To show how history matching and emulation work, we present a one-dimensional example, i.e. our model will have only one parameter. Our focus here is on the various steps of the process, rather than on the use of the hmer package. A more detailed introduction to the functionalities of hmer can be found in Tutorial 2.

2.1 Setup

The model we consider is a single univariate deterministic function:

\(f(x) = 2x + 3x\sin\left(\frac{5\pi(x-0.1)}{0.4}\right).\)

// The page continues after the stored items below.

(* Let $d=(d_1,\ldots,d_n)$ be a tree degree sequence with $n\geq 3$ (so $d_1\geq\cdots\geq d_n$), and let $\nu$ be an integer. There is a tree $T$ with degree sequence $d$ and $\nu(T)=\nu$ if and only if $$\min\Big\{ k\in \mathbb{N}:\sum_{i=1}^k d_i\geq n-1\Big\}\;\leq\; \nu\;\leq\; \min\left\{ \left\lfloor \frac{n}{2}\right\rfloor,\; n-n_1(d)\right\}.$$
   Context: All graphs are finite, simple and undirected. The degree sequence of a graph is the nonincreasing sequence of its vertex degrees. A tree degree sequence is the degree sequence of some tree. $n_1(d)$ is the number of elements of $d$ equal to $1$. $\nu(T)$ denotes the matching number of $T$. *)

theory Defs
  imports Main
begin

definition simple_graph :: "'a set \<Rightarrow> 'a set set \<Rightarrow> bool" where
  "simple_graph V E \<longleftrightarrow> finite V \<and>
     (\<forall>e\<in>E. \<exists>u v. e = {u, v} \<and> u \<noteq> v \<and> u \<in> V \<and> v \<in> V)"

definition adj :: "'a set set \<Rightarrow> 'a \<Rightarrow> 'a \<Rightarrow> bool" where
  "adj E u v \<longleftrightarrow> {u, v} \<in> E \<and> u \<noteq> v"

definition connected_graph :: "'a set \<Rightarrow> 'a set set \<Rightarrow> bool" where
  "connected_graph V E \<longleftrightarrow> V \<noteq> {} \<and> (\<forall>u\<in>V. \<forall>v\<in>V. (adj E)\<^sup>*\<^sup>* u v)"

definition is_cycle :: "'a set set \<Rightarrow> 'a list \<Rightarrow> bool" where
  "is_cycle E c \<longleftrightarrow> length c \<ge> 3 \<and> distinct c \<and>
     (\<forall>i. Suc i < length c \<longrightarrow> adj E (c ! i) (c ! Suc i)) \<and>
     adj E (last c) (hd c)"

definition acyclic_graph :: "'a set set \<Rightarrow> bool" where
  "acyclic_graph E \<longleftrightarrow> \<not> (\<exists>c. is_cycle E c)"

definition is_tree :: "'a set \<Rightarrow> 'a set set \<Rightarrow> bool" where
  "is_tree V E \<longleftrightarrow> simple_graph V E \<and> connected_graph V E \<and> acyclic_graph E"

definition degree :: "'a set set \<Rightarrow> 'a \<Rightarrow> nat" where
  "degree E v = card {e \<in> E. v \<in> e}"

definition degree_sequence :: "nat \<Rightarrow> nat set set \<Rightarrow> nat list" where
  "degree_sequence n E = rev (sort (map (degree E) [0..<n]))"

definition tree_degree_sequence :: "nat list \<Rightarrow> bool" where
  "tree_degree_sequence d \<longleftrightarrow>
     (\<exists>E. is_tree {0..<length d} E \<and> degree_sequence (length d) E = d)"

definition is_matching :: "'a set set \<Rightarrow> 'a set set \<Rightarrow> bool" where
  "is_matching E M \<longleftrightarrow> M \<subseteq> E \<and> (\<forall>e\<in>M. \<forall>f\<in>M. e \<noteq> f \<longrightarrow> e \<inter> f = {})"

definition matching_number :: "'a set set \<Rightarrow> nat" where
  "matching_number E = Max {card M | M. is_matching E M}"

definition n1 :: "nat list \<Rightarrow> nat" where
  "n1 d = length (filter (\<lambda>x. x = 1) d)"

end

theory Submission
  imports Defs "HOL-Library.Multiset"
begin

text \<open>
  Lower bound: by Koenig's theorem for forests a tree has a vertex cover \<open>C\<close> with
  \<open>|C| \<le> \<nu>(T)\<close>. The vertices of \<open>C\<close> carry all \<open>n - 1\<close> edges, so already the \<open>|C|\<close>
  largest degrees sum to at least \<open>n - 1\<close>. Upper bound: a matching has at most \<open>n/2\<close> edges,
  and for \<open>n \<ge> 3\<close> no edge joins two leaves, so the non-leaves form a vertex cover.

  Conversely, let \<open>\<nu>\<close> lie in the range and give the \<open>\<nu>\<close> largest degrees to a set \<open>S\<close>.
  We build a tree with the prescribed degrees in which \<open>S\<close> is a vertex cover saturated by a
  matching, so that \<open>\<nu>(T) = |S|\<close>. If \<open>|S| = 1\<close> the tree is a star. Otherwise a vertex
  \<open>x \<in> S\<close> of least degree is made the centre of a pendant star with \<open>d(x) - 1\<close> leaves, hung
  from a tree realising the instance with \<open>x\<close> and these leaves removed.
\<close>

section \<open>Graphs, paths and cycles\<close>

lemma simple_graph_edgeE:
  assumes "simple_graph V E" "e \<in> E"
  obtains a b where "e = {a, b}" "a \<noteq> b" "a \<in> V" "b \<in> V"
  using assms unfolding simple_graph_def by blast

lemma simple_graph_edge_subset: "simple_graph V E \<Longrightarrow> e \<in> E \<Longrightarrow> e \<subseteq> V"
  by (metis simple_graph_edgeE empty_subsetI insert_subset)

lemma simple_graph_finite_edges: "simple_graph V E \<Longrightarrow> finite E"
  by (meson simple_graph_def Pow_iff finite_Pow_iff rev_finite_subset simple_graph_edge_subset subsetI)

lemma simple_graph_subset: "simple_graph V E \<Longrightarrow> E' \<subseteq> E \<Longrightarrow> simple_graph V E'"
  unfolding simple_graph_def by (meson subsetD)

lemma adj_mono: "E \<subseteq> E' \<Longrightarrow> adj E u v \<Longrightarrow> adj E' u v"
  unfolding adj_def by blast

lemma adj_commute: "adj E u v \<longleftrightarrow> adj E v u"
  unfolding adj_def by (auto simp: insert_commute)

definition is_path :: "'a set set \<Rightarrow> 'a list \<Rightarrow> bool" where
  "is_path E p \<longleftrightarrow> distinct p \<and> (\<forall>i. Suc i < length p \<longrightarrow> adj E (p ! i) (p ! Suc i))"

lemma is_cycle_iff_path:
  "is_cycle E c \<longleftrightarrow> 3 \<le> length c \<and> is_path E c \<and> adj E (last c) (hd c)"
  unfolding is_cycle_def is_path_def by blast

lemma is_path_snoc:
  assumes "is_path E p" "p \<noteq> []" "y \<notin> set p" "adj E (last p) y"
  shows "is_path E (p @ [y])"
proof -
  have "adj E (p ! i) y" if "Suc i = length p" for i
  proof -
    have "i = length p - 1" using that by simp
    then show ?thesis using assms(2,4) by (simp add: last_conv_nth)
  qed
  then show ?thesis
    using assms unfolding is_path_def by (auto simp: nth_append less_Suc_eq)
qed

lemma is_path_drop: "is_path E p \<Longrightarrow> is_path E (drop j p)"
  unfolding is_path_def by (auto simp: add.commute[of j] dest: spec[of _ "_ + j"])

lemma is_path_close_cycle:
  assumes "is_path E p" "j + 3 \<le> length p" "adj E (last p) (p ! j)"
  shows "is_cycle E (drop j p)"
  using assms is_path_drop[OF assms(1), of j] unfolding is_cycle_iff_path
  by (simp add: hd_drop_conv_nth)

lemma is_cycle_transfer:
  assumes "is_cycle E c" "\<And>x y. x \<in> set c \<Longrightarrow> y \<in> set c \<Longrightarrow> adj E x y \<Longrightarrow> adj E' x y"
  shows "is_cycle E' c"
proof -
  have "c \<noteq> []" using assms(1) unfolding is_cycle_def by auto
  then show ?thesis
    using assms unfolding is_cycle_def by (auto simp: Suc_lessD)
qed

lemma acyclic_graph_subset: "acyclic_graph E' \<Longrightarrow> E \<subseteq> E' \<Longrightarrow> acyclic_graph E"
  unfolding acyclic_graph_def using is_cycle_transfer adj_mono by metis

lemma is_cycle_neighbours:
  assumes c: "is_cycle E c" and x: "x \<in> set c"
  obtains y z where "adj E x y" "adj E x z" "y \<noteq> z"
proof -
  let ?L = "length c"
  define next_idx where "next_idx i = (if Suc i = ?L then 0 else Suc i)" for i
  have L: "3 \<le> ?L" "distinct c" using c unfolding is_cycle_def by auto
  have step: "adj E (c ! i) (c ! next_idx i)" if "i < ?L" for i
  proof (cases "Suc i = ?L")
    case True
    have "c \<noteq> []" using L by auto
    moreover have "i = ?L - 1" using True by simp
    ultimately have "c ! i = last c" "c ! 0 = hd c" by (simp_all add: last_conv_nth hd_conv_nth)
    then show ?thesis using c True unfolding is_cycle_def next_idx_def by auto
  next
    case False
    then show ?thesis using c that unfolding is_cycle_def next_idx_def by auto
  qed
  obtain i where i: "i < ?L" "c ! i = x" using x by (metis in_set_conv_nth)
  define j where "j = (if i = 0 then ?L - 1 else i - 1)"
  have j: "j < ?L" "next_idx j = i" "j \<noteq> next_idx i" "next_idx i < ?L"
    using i L unfolding j_def next_idx_def by auto
  have "c ! j \<noteq> c ! next_idx i"
    using j nth_eq_iff_index_eq[OF L(2) j(1,4)] by simp
  then show ?thesis
    using that step[OF i(1)] step[OF j(1)] i j by (auto simp: adj_commute)
qed

section \<open>Growing and pruning trees\<close>

lemma tree_singleton: "is_tree {s} {}"
  unfolding is_tree_def simple_graph_def connected_graph_def acyclic_graph_def is_cycle_def adj_def
  by auto

lemma connected_graph_add_leaf:
  assumes cg: "connected_graph V E" and u: "u \<in> V"
  shows "connected_graph (insert v V) (insert {u, v} E)"
  unfolding connected_graph_def
proof (intro conjI ballI)
  let ?E = "insert {u, v} E"
  have mono: "(adj ?E)\<^sup>*\<^sup>* x y" if "(adj E)\<^sup>*\<^sup>* x y" for x y
    using that by (induction rule: rtranclp_induct) (auto intro: rtranclp.rtrancl_into_rtrancl adj_mono)
  have uv: "(adj ?E)\<^sup>*\<^sup>* u v \<and> (adj ?E)\<^sup>*\<^sup>* v u"
  proof (cases "u = v")
    case False
    then have "adj ?E u v" "adj ?E v u" unfolding adj_def by (auto simp: insert_commute)
    then show ?thesis by blast
  qed simp
  fix a b assume a: "a \<in> insert v V" and b: "b \<in> insert v V"
  have "(adj ?E)\<^sup>*\<^sup>* a u" using a cg u uv mono unfolding connected_graph_def by auto
  moreover have "(adj ?E)\<^sup>*\<^sup>* u b" using b cg u uv mono unfolding connected_graph_def by auto
  ultimately show "(adj ?E)\<^sup>*\<^sup>* a b" by (rule rtranclp_trans)
qed simp

lemma adj_insert_new_vertex:
  assumes sg: "simple_graph V E" and v: "v \<notin> V" and vy: "adj (insert {u, v} E) v y"
  shows "y = u"
proof -
  have "{v, y} \<notin> E" using simple_graph_edge_subset[OF sg] v by blast
  then have "{v, y} = {u, v}" "v \<noteq> y" using vy unfolding adj_def by auto
  then show ?thesis by (auto simp: doubleton_eq_iff)
qed

lemma acyclic_graph_add_leaf:
  assumes sg: "simple_graph V E" and ac: "acyclic_graph E" and v: "v \<notin> V"
  shows "acyclic_graph (insert {u, v} E)"
  unfolding acyclic_graph_def
proof
  let ?E = "insert {u, v} E"
  assume "\<exists>c. is_cycle ?E c"
  then obtain c where c: "is_cycle ?E c" by blast
  show False
  proof (cases "v \<in> set c")
    case True
    obtain y z where "adj ?E v y" "adj ?E v z" "y \<noteq> z"
      using is_cycle_neighbours[OF c True] by blast
    then show False using adj_insert_new_vertex[OF sg v, of u y] adj_insert_new_vertex[OF sg v, of u z] by simp
  next
    case False
    have transfer: "adj E x y" if "x \<in> set c" "y \<in> set c" "adj ?E x y" for x y
    proof -
      have "v \<notin> {x, y}" using False that(1,2) by auto
      then have "{x, y} \<noteq> {u, v}" by auto
      then show ?thesis using that(3) unfolding adj_def by simp
    qed
    have "is_cycle E c" by (rule is_cycle_transfer[OF c transfer])
    then show False using ac unfolding acyclic_graph_def by blast
  qed
qed

lemma tree_add_leaf:
  assumes T: "is_tree V E" and u: "u \<in> V" and v: "v \<notin> V"
  shows "is_tree (insert v V) (insert {u, v} E)"
proof -
  have sg: "simple_graph V E" using T is_tree_def by blast
  have "u \<noteq> v" using u v by blast
  then have "simple_graph (insert v V) (insert {u, v} E)"
    using sg u unfolding simple_graph_def by blast
  moreover have "connected_graph (insert v V) (insert {u, v} E)"
    using T u by (simp add: connected_graph_add_leaf is_tree_def)
  moreover have "acyclic_graph (insert {u, v} E)"
    using T v by (simp add: acyclic_graph_add_leaf[OF sg] is_tree_def)
  ultimately show ?thesis unfolding is_tree_def by simp
qed

definition star_edges :: "'a \<Rightarrow> 'a set \<Rightarrow> 'a set set" where
  "star_edges x L = (\<lambda>l. {x, l}) ` L"

lemma tree_attach_leaves:
  assumes "finite L" "is_tree V E" "x \<in> V" "L \<inter> V = {}"
  shows "is_tree (V \<union> L) (E \<union> star_edges x L)"
  using assms
proof (induction L rule: finite_induct)
  case (insert l L)
  have "is_tree (V \<union> L) (E \<union> star_edges x L)"
    using insert.IH insert.prems by (simp add: Int_insert_left split: if_splits)
  moreover have "x \<in> V \<union> L" "l \<notin> V \<union> L" using insert.hyps insert.prems by auto
  ultimately have "is_tree (insert l (V \<union> L)) (insert {x, l} (E \<union> star_edges x L))"
    by (rule tree_add_leaf)
  moreover have "insert l (V \<union> L) = V \<union> insert l L"
    "insert {x, l} (E \<union> star_edges x L) = E \<union> star_edges x (insert l L)"
    unfolding star_edges_def by auto
  ultimately show ?case by (simp only:)
qed (simp add: star_edges_def)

Through this very simple example we demonstrate the main features of emulation and history matching over a couple of waves. Moreover, since \(f(x)\) can be evaluated quickly, we will be able to compare the emulator performance against the actual function very easily.

func <- function(x) {
  2*x + 3*x*sin(5*pi*(x-0.1)/0.4)
}

We will presume that we want to emulate this function over the input range \(x\in[0,0.6]\). To train an emulator to this function, we’ll evaluate \(f\) at equally spaced-out points along the parameter range: \(10\) points will be ample for training a one-dimensional emulator.

data1d <- data.frame(x = seq(0.05, 0.5, by = 0.05), f = func(seq(0.05, 0.5, by = 0.05)))

For demonstration purposes we put no points between \(0.5\) and \(0.6\) in data1d: we will comment on the effects of this choice at the end of the first wave. Note that the value of \(f\) is considered unknown for all values of \(x\) outside data1d. The points in data1d will be passed to the hmer package, in order for it to train an emulator to the function func, interpolate points between the data points above, and propose a new set of points for training a second-wave emulator.

2.2 Emulator Training

To train the emulator, we first define the ranges of the parameters. Note that we create a list of one element, which seems pointless here but generalises easily to multi-output emulation.

ranges1d <- list(x = c(0, 0.6))

To build our emulator we use the function emulator_from_data, which requires at least three things: the training data data1d, the name(s) of the outputs to emulate, and the ranges of the input parameters ranges1d:

em1d_1 <- emulator_from_data(data1d, c('f'), ranges1d)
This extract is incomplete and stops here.